Wedge Buslines
This plaque is located at 64 Victoria St.
In 1931, while working at Lester Motors in Swanston St, Melbourne, Davy Wedge won a contract for a mail delivery service from Camperdown to Peterborough. At the time, he could have joined a colleague by the name of Reg Ansett in Hamilton but he wanted to set up his own business.
Not long after, he started to take passengers to Peterborough as well. When that arrangement finished, he won a new contract, picking up both passengers and mail from Timboon, Scotts Creek and Cobden to meet the train in Camperdown. He also had a wood yard, and a truck that did a cream pick-up for the butter factory.
So, by 1935, he had begun a bus business with one ten-seater bus which grew into a 22 bus service with a staff of 25.
With his buses gaining momentum, Davy soon opened his garage. He sold petrol, did repairs, had a franchise for VW cars, and Rover and Deutz tractors for many years.
Have buses will travel!
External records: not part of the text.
lemma cube_restrict_insert_HK_on:
  assumes f: "group_filtration G Gs" and m: "m \<notin> J" and J: "finite J"
    and x: "cube_restrict G J x \<in> HK_on G J Gs" and y: "y \<in> HK_on G J (\<lambda>i. Gs (Suc i))"
    and step: "\<And>\<sigma>. \<sigma> \<subseteq> J \<Longrightarrow> x (insert m \<sigma>) = x \<sigma> \<otimes> y \<sigma>"
  shows "cube_restrict G (insert m J) x \<in> HK_on G (insert m J) Gs"
proof -
  have "(\<lambda>\<sigma>. if True then cube_restrict G J x (\<sigma> - {m}) else \<one>) \<in> HK_on G (insert m J) Gs"
  proof (rule HK_on_reindex[OF x])
    fix \<omega> g assume \<omega>: "\<omega> \<subseteq> J" and g: "g \<in> Gs (card \<omega>)"
    have "(\<lambda>\<sigma>. if True then gen_cube_on G J g \<omega> (\<sigma> - {m}) else \<one>) = gen_cube_on G (insert m J) g \<omega>"
      using \<omega> m by (auto simp: fun_eq_iff gen_cube_on_def)
    then show "(\<lambda>\<sigma>. if True then gen_cube_on G J g \<omega> (\<sigma> - {m}) else \<one>) \<in> HK_on G (insert m J) Gs"
      using \<omega> g by (auto intro: HK_on.gen)
  qed
  moreover have "(\<lambda>\<sigma>. if m \<in> \<sigma> then y (\<sigma> - {m}) else \<one>) \<in> HK_on G (insert m J) Gs"
  proof (rule HK_on_reindex[OF y])
    fix \<omega> g assume \<omega>: "\<omega> \<subseteq> J" and g: "g \<in> Gs (Suc (card \<omega>))"
    have "(\<lambda>\<sigma>. if m \<in> \<sigma> then gen_cube_on G J g \<omega> (\<sigma> - {m}) else \<one>) = gen_cube_on G (insert m J) g (insert m \<omega>)"
      using \<omega> m by (auto simp: fun_eq_iff gen_cube_on_def)
    moreover have "card (insert m \<omega>) = Suc (card \<omega>)"
      using \<omega> m finite_subset[OF \<omega> J] by (subst card_insert_disjoint) auto
    ultimately show "(\<lambda>\<sigma>. if m \<in> \<sigma> then gen_cube_on G J g \<omega> (\<sigma> - {m}) else \<one>) \<in> HK_on G (insert m J) Gs"
      using \<omega> g by (auto intro: HK_on.gen)
  qed
  ultimately have "(\<lambda>\<sigma>. cube_restrict G J x (\<sigma> - {m}) \<otimes> (if m \<in> \<sigma> then y (\<sigma> - {m}) else \<one>))
      \<in> HK_on G (insert m J) Gs"
    using HK_on.mult by fastforce
  moreover have "cube_restrict G J x (\<sigma> - {m}) \<otimes> (if m \<in> \<sigma> then y (\<sigma> - {m}) else \<one>)
      = cube_restrict G (insert m J) x \<sigma>" for \<sigma>
  proof (cases "\<sigma> \<subseteq> insert m J")
    case True
    then have "\<sigma> - {m} \<subseteq> J" by blast
    then have "x (\<sigma> - {m}) \<in> carrier G"
      using HK_on_carrier[OF f x, of "\<sigma> - {m}"] by (simp add: cube_restrict_def)
    then show ?thesis
      using True step[of "\<sigma> - {m}"] by (auto simp: cube_restrict_def subset_insert_iff insert_absorb)
  next
    case False
    then show ?thesis using HK_on_outside[OF y, of "\<sigma> - {m}"] by (auto simp: cube_restrict_def)
  qed
  ultimately show ?thesis by (simp add: fun_eq_iff)
qed

lemma HK_on_top_vertex_decomp:
  assumes "finite I" "group_filtration G Gs" "subgroup \<Gamma> G" "c \<in> HK_on G I Gs"
    and "\<And>\<beta>. \<beta> \<subset> I \<Longrightarrow> c \<beta> \<in> \<Gamma>"
  shows "\<exists>n\<in>Gs (card I). \<exists>\<gamma>\<in>\<Gamma>. c I = n \<otimes> \<gamma>"
  using assms
proof (induct I arbitrary: Gs c rule: finite_induct)
  case empty
  then show ?case
    using HK_on_level_0[OF empty(1,3)] HK_on_carrier[OF empty(1,3)] subgroup.one_closed[OF empty(2)]
    by (metis card.empty r_one)
next
  case (insert m J)
  note f = insert(4) and \<Gamma> = insert(5) and c = insert(6) and lower = insert(7)
  have cc: "c \<sigma> \<in> carrier G" for \<sigma> using HK_on_carrier[OF f c] .
  let ?D = "cube_deriv G m c"
  have "?D \<beta> \<in> \<Gamma>" if "\<beta> \<subset> J" for \<beta>
  proof -
    have "m \<notin> \<beta>" "\<beta> \<subset> insert m J" "insert m \<beta> \<subset> insert m J" using that insert(2) by auto
    then show ?thesis
      using lower subgroup.m_closed[OF \<Gamma>] subgroup.m_inv_closed[OF \<Gamma>] by (simp add: cube_deriv_def)
  qed
  then obtain n \<gamma> where n: "n \<in> Gs (Suc (card J))" and \<gamma>: "\<gamma> \<in> \<Gamma>" and D: "?D J = n \<otimes> \<gamma>"
    using insert(3)[OF group_filtration_shift[OF f] \<Gamma> cube_deriv_HK_on[OF f insert(2,1) c]] by auto
  have nc: "n \<in> carrier G" and gc: "\<gamma> \<in> carrier G"
    using subgroup.mem_carrier[OF group_filtration_subgroup[OF f] n] subgroup.mem_carrier[OF \<Gamma> \<gamma>] .
  text \<open>Move the \<open>\<Gamma>\<close>-vertex \<open>c J\<close> past \<open>n\<close>; normality of the filtration keeps the level.\<close>
  have "c (insert m J) = c J \<otimes> ?D J" using cc insert(2) by (simp add: cube_deriv_def)
  also have "\<dots> = (c J \<otimes> n \<otimes> inv (c J)) \<otimes> (c J \<otimes> \<gamma>)" using D cc nc gc by (simp add: m_assoc)
  finally have "c (insert m J) = (c J \<otimes> n \<otimes> inv (c J)) \<otimes> (c J \<otimes> \<gamma>)" .
  moreover have "c J \<otimes> n \<otimes> inv (c J) \<in> Gs (card (insert m J))"
    using group_filtration_conj[OF f inv_closed[OF cc] n] cc insert(1,2) by simp
  moreover have "c J \<otimes> \<gamma> \<in> \<Gamma>" using lower[of J] insert(2) \<gamma> subgroup.m_closed[OF \<Gamma>] by blast
  ultimately show ?case by blast
qed

lemma faces_HK_on_carrier:
  assumes f: "group_filtration G Gs"
    and faces: "\<And>i. i \<in> I \<Longrightarrow> cube_restrict G (I - {i}) x \<in> HK_on G (I - {i}) Gs"
    and \<sigma>: "\<sigma> \<subset> I"
  shows "x \<sigma> \<in> carrier G"
proof -
  obtain i where "i \<in> I - \<sigma>" using psubset_imp_ex_mem[OF \<sigma>] by blast
  then have i: "i \<in> I" "\<sigma> \<subseteq> I - {i}" using \<sigma> by blast+
  show ?thesis using HK_on_carrier[OF f faces[OF i(1)], of \<sigma>] i(2) by (simp add: cube_restrict_def)
qed

lemma HK_on_complete_corner:
  assumes "finite I" "group_filtration G Gs"
    and "\<And>i. i \<in> I \<Longrightarrow> cube_restrict G (I - {i}) x \<in> HK_on G (I - {i}) Gs"
  shows "\<exists>t. cube_restrict G I (x(I := t)) \<in> HK_on G I Gs"
  using assms
proof (induct I arbitrary: Gs x rule: finite_induct)
  case empty
  have "cube_restrict G {} (x({} := \<one>)) = (\<lambda>\<sigma>. \<one>)"
    by (rule ext) (simp add: cube_restrict_def)
  then have "cube_restrict G {} (x({} := \<one>)) \<in> HK_on G {} Gs" by (simp only: HK_on.one)
  then show ?case by blast
next
  case (insert m J)
  note f = insert(4) and faces = insert(5)
  have xc: "x \<sigma> \<in> carrier G" if "\<sigma> \<subset> insert m J" for \<sigma>
    using faces_HK_on_carrier[OF f faces that] .
  define d where "d = (\<lambda>\<sigma>. inv (x \<sigma>) \<otimes> x (insert m \<sigma>))"
  have d_faces: "cube_restrict G (J - {i}) d \<in> HK_on G (J - {i}) (\<lambda>i. Gs (Suc i))"
    if i: "i \<in> J" for i
  proof -
    have "insert m (J - {i}) = insert m J - {i}" using i insert(2) by auto
    then have "cube_restrict G (insert m (J - {i})) x \<in> HK_on G (insert m (J - {i})) Gs"
      using faces[of i] i by simp
    then have "cube_deriv G m (cube_restrict G (insert m (J - {i})) x) \<in> HK_on G (J - {i}) (\<lambda>i. Gs (Suc i))"
      using cube_deriv_HK_on[OF f] insert(1,2) by blast
    then show ?thesis using insert(2) by (simp add: cube_deriv_restrict d_def)
  qed
  then obtain t where t: "cube_restrict G J (d(J := t)) \<in> HK_on G J (\<lambda>i. Gs (Suc i))"
    using insert(3)[OF group_filtration_shift[OF f] d_faces] by blast
  let ?x = "x(insert m J := x J \<otimes> t)"
  have "cube_restrict G J ?x = cube_restrict G J x"
    using insert(2) by (auto simp: fun_eq_iff cube_restrict_def)
  moreover have "cube_restrict G J x \<in> HK_on G J Gs" using faces[of m] insert(2) by simp
  moreover have "?x (insert m \<sigma>) = ?x \<sigma> \<otimes> cube_restrict G J (d(J := t)) \<sigma>" if "\<sigma> \<subseteq> J" for \<sigma>
  proof (cases "\<sigma> = J")
    case True
    have "J \<noteq> insert m J" using insert(2) by blast
    then show ?thesis using True by (simp add: cube_restrict_def)
  next
    case False
    have "\<sigma> \<subset> insert m J" using that insert(2) by blast
    moreover have "insert m \<sigma> \<subset> insert m J" using that False insert(2) by auto
    moreover have "\<sigma> \<noteq> insert m J" "insert m \<sigma> \<noteq> insert m J" using calculation by blast+
    ultimately show ?thesis using that False xc by (simp add: cube_restrict_def d_def)
  qed
  ultimately have "cube_restrict G (insert m J) ?x \<in> HK_on G (insert m J) Gs"
    using cube_restrict_insert_HK_on[OF f insert(2,1) _ t] by simp
  then show ?case by blast
qed

end

lemma FE_subset: "\<alpha> \<in> FE \<Longrightarrow> \<sigma> \<subseteq> \<alpha> \<Longrightarrow> \<sigma> \<in> FE"
  unfolding FE_def using finite_subset by blast

lemma parallelepiped_subset_iff:
  assumes cover: "\<eta> \<subseteq> a0 \<union> \<Union>(A ` J)" and A0: "\<forall>j\<in>J. a0 \<inter> A j = {}"
    and disj: "\<forall>j\<in>J. \<forall>j'\<in>J. j \<noteq> j' \<longrightarrow> A j \<inter> A j' = {}" and \<omega>: "\<omega> \<subseteq> J"
  shows "\<eta> \<subseteq> a0 \<union> \<Union>(A ` \<omega>) \<longleftrightarrow> {j\<in>J. A j \<inter> \<eta> \<noteq> {}} \<subseteq> \<omega>"
proof
  assume \<eta>: "\<eta> \<subseteq> a0 \<union> \<Union>(A ` \<omega>)"
  show "{j\<in>J. A j \<inter> \<eta> \<noteq> {}} \<subseteq> \<omega>"
  proof
    fix j assume "j \<in> {j\<in>J. A j \<inter> \<eta> \<noteq> {}}"
    then obtain y where j: "j \<in> J" and y: "y \<in> A j" "y \<in> \<eta>" by blast
    then have "y \<notin> a0" using A0 by blast
    then obtain j' where j': "j' \<in> \<omega>" "y \<in> A j'" using \<eta> y(2) by blast
    then have "j = j'" using disj \<omega> j y(1) by blast
    then show "j \<in> \<omega>" using j' by simp
  qed
next
  assume sub: "{j\<in>J. A j \<inter> \<eta> \<noteq> {}} \<subseteq> \<omega>"
  show "\<eta> \<subseteq> a0 \<union> \<Union>(A ` \<omega>)"
  proof
    fix y assume y: "y \<in> \<eta>"
    show "y \<in> a0 \<union> \<Union>(A ` \<omega>)"
    proof (cases "y \<in> a0")
      case False
      then obtain j where j: "j \<in> J" "y \<in> A j" using cover y by blast
      then have "j \<in> \<omega>" using sub y by blast
      then show ?thesis using j by blast
    qed simp
  qed
qed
Davy picked up school runs to Camperdown High School from places like Red Hill, Glenfyne, Cobrico, Tesbury, Chocolyn and Mt Myrtoon, and he also ran a bus from Cobden to meet the early train at Camperdown. At that time, the Pelaco factory opened in Camperdown so the bus was nearly full of Cobden women going to work. They would catch the 5pm bus home.
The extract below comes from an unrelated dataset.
(* Let $\mathcal K$ be a finitely complete 2-category with a good yoneda structure. Let $A$ be an admissible object, $f:A\to C$ and $g:A\to B$ admissible 1-cells, $h:B\to C$ a 1-cell, $\phi:f\Rightarrow hg$ a 2-cell, and $\phi':B(g,1)\Rightarrow C(f,1)h$ the corresponding 2-cell (the unique one with $(C(f,1)\phi)\cdot\chi^f=(\phi'g)\cdot\chi^g$). Then: (1) $\phi$ exhibits $h$ as a left extension of $f$ along $g$ iff $\phi'$ exhibits $h$ as a left lifting of $B(g,1)$ along $C(f,1)$; (2) $\phi$ exhibits $h$ as a pointwise left extension of $f$ along $g$ iff $\phi'$ exhibits $h$ as an absolute left lifting of $B(g,1)$ along $C(f,1)$; (3) $\phi$ exhibits $g$ as an absolute left lifting of $f$ along $h$ iff $\phi'$ is an isomorphism.
   Context: For $f:A\to B$, $g:C\to B$ the lax pullback $f/g$ has projections $p:f/g\to A$, $q:f/g\to C$ and universal 2-cell $\lambda:fp\Rightarrow gq$. Given $f:A\to C$, $g:A\to B$, $h:B\to C$, a 2-cell $\phi:f\Rightarrow hg$ exhibits $h$ as a left extension of $f$ along $g$ if for every $k:B\to C$, $\kappa\mapsto(\kappa g)\cdot\phi$ is a bijection from 2-cells $h\Rightarrow k$ to 2-cells $f\Rightarrow kg$; it exhibits $g$ as a left lifting of $f$ along (through) $h$ if for every $k:A\to B$, $\kappa\mapsto(h\kappa)\cdot\phi$ is a bijection from 2-cells $g\Rightarrow k$ to 2-cells $f\Rightarrow hk$; the lifting is absolute if $\phi j$ exhibits $gj$ as a left lifting of $fj$ along $h$ for all $j:D\to A$. $\phi$ exhibits $h$ as a pointwise left extension of $f$ along $g$ if for every $c:X\to B$, with lax pullback $p:g/c\to A$, $q:g/c\to X$, $\lambda:gp\Rightarrow cq$, the 2-cell $(h\lambda)\cdot(\phi p)$ exhibits $hc$ as a left extension of $fp$ along $q$. A good yoneda structure: a class of admissible 1-cells with $fg$ admissible whenever $f$ is; $A$ admissible when $1_A$ is; for admissible $A$ an object $\mathcal PA$ and admissible $y_A:A\to\mathcal PA$; for $f:A\to B$ with $A$, $f$ admissible a 1-cell $B(f,1):B\to\mathcal PA$ and a 2-cell $\chi^f:y_A\Rightarrow B(f,1)f$; such that (i) $\chi^f$ exhibits $f$ as an absolute left lifting of $y_A$ through $B(f,1)$; (ii) if $A$, $f:A\to B$ admissible and $\psi:y_A\Rightarrow kf$ exhibits $f$ as an absolute left lifting of $y_A$ along $k$, then $\psi$ exhibits $k$ as a pointwise left extension of $y_A$ along $f$. In this setting $\chi^g$ exhibits $B(g,1)$ as a left extension of $y_A$ along $g$, so $\phi\mapsto\phi'$ (defined by the equation in the claim) is a well-defined bijection between 2-cells $f\Rightarrow hg$ and 2-cells $B(g,1)\Rightarrow C(f,1)h$. *)

theory Defs
  imports Main
begin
Davy’s buses would also pick up parcels, mail and ice-cream shippers off the train from Bulla in Colac and take them to Cobden and Timboon. When the wild flowers were out in Halls Gap, Davy would run a couple of buses on a Sunday, picking up in Cobden and Camperdown. In the summer, Davy often ran a couple of buses to Lorne for the day.
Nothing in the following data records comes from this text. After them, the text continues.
lemma support_midpoint_cases:
  fixes a b m n :: int
  assumes "1 \<le> a" "1 \<le> b" "1 \<le> m" "m < a + b"
    and mean: "n * (a + b) = 2 * a * m"
    and midpoint: "n = max 0 (m - b) + min m a"
  shows "(a = b \<and> n = m) \<or> (a + b = 2 * m \<and> n = a)"
proof (cases "m \<le> b"; cases "m \<le> a")
  assume "m \<le> b" "m \<le> a"
  then have "m * (a + b) = m * (2 * a)"
    using mean midpoint by (simp add: algebra_simps)
  then show ?thesis
    using assms \<open>m \<le> b\<close> \<open>m \<le> a\<close> by simp
next
  assume "m \<le> b" "\<not> m \<le> a"
  then have "a * (a + b) = a * (2 * m)"
    using mean midpoint by (simp add: algebra_simps)
  then show ?thesis
    using assms \<open>m \<le> b\<close> \<open>\<not> m \<le> a\<close> by simp
next
  assume "\<not> m \<le> b" "m \<le> a"
  then have "b * (2 * m - a - b) = 0"
    using mean midpoint by (simp add: algebra_simps)
  then show ?thesis
    using assms \<open>\<not> m \<le> b\<close> \<open>m \<le> a\<close> by simp
next
  assume "\<not> m \<le> b" "\<not> m \<le> a"
  then have "(a - b) * (a + b - m) = 0"
    using mean midpoint by (simp add: algebra_simps)
  then show ?thesis
    using assms \<open>\<not> m \<le> b\<close> \<open>\<not> m \<le> a\<close> by auto
qed

text \<open>The reflection \<open>j \<mapsto> n - j\<close> maps the support \<open>{max 0 (m - b)..min m a}\<close> onto
  itself, so \<open>n\<close> is the sum of its endpoints.\<close>

lemma symmetric_hyp_support_cases:
  assumes "m \<le> a + b" "1 \<le> a" "1 \<le> b" "1 \<le> m" "m < a + b"
    and mean: "hyp_mean m a b = real_of_int n / 2"
    and symm: "\<forall>j. hyp_pmf m a b j = hyp_pmf m a b (n - j)"
  shows "(a = b \<and> n = int m) \<or> (a + b = 2 * m \<and> n = int a)"
proof -
  define lo where "lo = max 0 (int m - int b)"
  define hi where "hi = min (int m) (int a)"
  have "hyp_pmf m a b lo > 0" "hyp_pmf m a b hi > 0"
    using assms(1) by (auto simp: hyp_pmf_pos_iff lo_def hi_def)
  then have "hyp_pmf m a b (n - lo) > 0" "hyp_pmf m a b (n - hi) > 0"
    using symm by auto
  then have "n = lo + hi"
    using assms(1) by (auto simp: hyp_pmf_pos_iff lo_def hi_def)
  moreover have "n * (int a + int b) = 2 * int a * int m"
  proof -
    have "real_of_int (n * (int a + int b)) = real_of_int (2 * int a * int m)"
      using hyp_mean_eq[OF assms(1)] mean by simp
    then show ?thesis
      by (simp only: of_int_eq_iff)
  qed
  ultimately have "(a = b \<and> n = int m) \<or> (int a + int b = 2 * int m \<and> n = int a)"
    using support_midpoint_cases[of "int a" "int b" "int m" n] assms(2-5)
    by (simp add: lo_def hi_def)
  moreover have "int a + int b = 2 * int m \<longleftrightarrow> a + b = 2 * m"
    by presburger
  ultimately show ?thesis
    by blast
qed

text \<open>The two shapes \<open>H(2k, R, R)\<close> and \<open>H(R, 2k, 2(R - k))\<close> have the same value at \<open>k\<close>.\<close>

lemma choose_square_ratio_eq:
  assumes "k \<le> R"
  shows "real (R choose k) * real (R choose k) / real ((2 * R) choose (2 * k))
       = real ((2 * k) choose k) * real ((2 * (R - k)) choose (R - k)) / real ((2 * R) choose R)"
proof -
  have diffs: "2 * k - k = k" "2 * R - R = R" "2 * (R - k) - (R - k) = R - k" "2 * R - 2 * k = 2 * (R - k)"
    using assms by auto
  define A where "A = (fact R :: real)"
  define B where "B = (fact k :: real)"
  define C where "C = (fact (R - k) :: real)"
  define D where "D = (fact (2 * k) :: real)"
  define E where "E = (fact (2 * (R - k)) :: real)"
  define F where "F = (fact (2 * R) :: real)"
  have "A \<noteq> 0" "B \<noteq> 0" "C \<noteq> 0" "D \<noteq> 0" "E \<noteq> 0" "F \<noteq> 0"
    by (simp_all add: A_def B_def C_def D_def E_def F_def)
  moreover have "real (R choose k) = A / (B * C)"
    using binomial_fact[OF assms] by (simp add: A_def B_def C_def)
  moreover have "real ((2 * R) choose (2 * k)) = F / (D * E)"
    using binomial_fact[of "2 * k" "2 * R"] assms diffs by (simp add: D_def E_def F_def)
  moreover have "real ((2 * k) choose k) = D / (B * B)"
    using binomial_fact[of k "2 * k"] diffs by (simp add: B_def D_def)
  moreover have "real ((2 * (R - k)) choose (R - k)) = E / (C * C)"
    using binomial_fact[of "R - k" "2 * (R - k)"] diffs by (simp add: C_def E_def)
  moreover have "real ((2 * R) choose R) = F / (A * A)"
    using binomial_fact[of R "2 * R"] diffs by (simp add: A_def F_def)
  ultimately show ?thesis
    by (simp only:) (simp add: field_simps)
qed

lemma symmetric_hyp_even_shapes:
  assumes "m \<le> a + b"
    and mean: "hyp_mean m a b = real_of_int n / 2"
    and symm: "\<forall>j. hyp_pmf m a b j = hyp_pmf m a b (n - j)"
    and var: "hyp_var m a b > 0"
    and "even n"
  obtains k R where "n = 2 * int k" "1 \<le> k" "k < R"
    "(a = R \<and> b = R \<and> m = 2 * k) \<or> (a = 2 * k \<and> b = 2 * (R - k) \<and> m = R)"
proof -
  have pos: "1 \<le> a" "1 \<le> b" "1 \<le> m" "m < a + b"
    using hyp_var_pos_imp[OF assms(1) var] by auto
  note cases = symmetric_hyp_support_cases[OF assms(1) pos mean symm]
  obtain q where "n = 2 * q"
    using \<open>even n\<close> by blast
  moreover have "n \<ge> 0"
    using cases by auto
  ultimately have "q \<ge> 0"
    by simp
  then obtain k where k: "n = 2 * int k"
    using \<open>n = 2 * q\<close> by (metis nonneg_int_cases)
  show ?thesis
  proof (cases "a = b \<and> n = int m")
    case True
    then have "b = a" "m = 2 * k"
      using k by auto
    then show ?thesis
      using that[of k a] pos k by auto
  next
    case False
    then have "a + b = 2 * m" "a = 2 * k"
      using cases k by auto
    moreover have "b = 2 * (m - k)" "1 \<le> k" "k < m"
      using calculation pos by arith+
    ultimately show ?thesis
      using that[of k m] k by simp
  qed
qed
When the Timboon Consolidated School opened in 1948, Davy had runs from Simpson, Princetown and Glenfyne. Wedges had a service to Melbourne on a Sunday leaving at 7.30am, picking up along the way, and leaving Melbourne at 5pm.
In the early 1950s, Davy collected the Herald newspaper from the train for delivery to the summer holiday-makers in Port Campbell and Peterborough and, when the Heytesbury Settlement was opened up, he had a mail run to Simpson and the outlying areas.
Born in Hawthorn, he was a founding member of the Victorian Bus Proprietors’ Association in 1944 and, in 1968, was made a life member for 25 years’ service. He was president from 1966 to 1968.
Davy Wedge is a life governor of the Cobden Bush Nursing Hospital of which he was president for ten years and one of the original committee members. He was also a member of the Central Council of the Victorian Bush Nursing Association. He was president of the Cobden Turf Club from 1952 until 1960 and, again, in 1968 and 1971. He was a member of Warrnambool Race Club committee and South Western District Racing Association. Davy was appointed a deputy coroner and JP in 1954.
He married Blanche Kathleen Hardiman (1907-1996) at North Brunswick in 1931. They became proud parents of two daughters, Lorraine (born Cobden in 1934, married Bruce King) and Marcia (born Moreland in 1941, married Peter McKenzie). The family home was on the corner of Victoria and Smith streets, between two of the three Wedge sheds, the third being on the south side of Smith Street.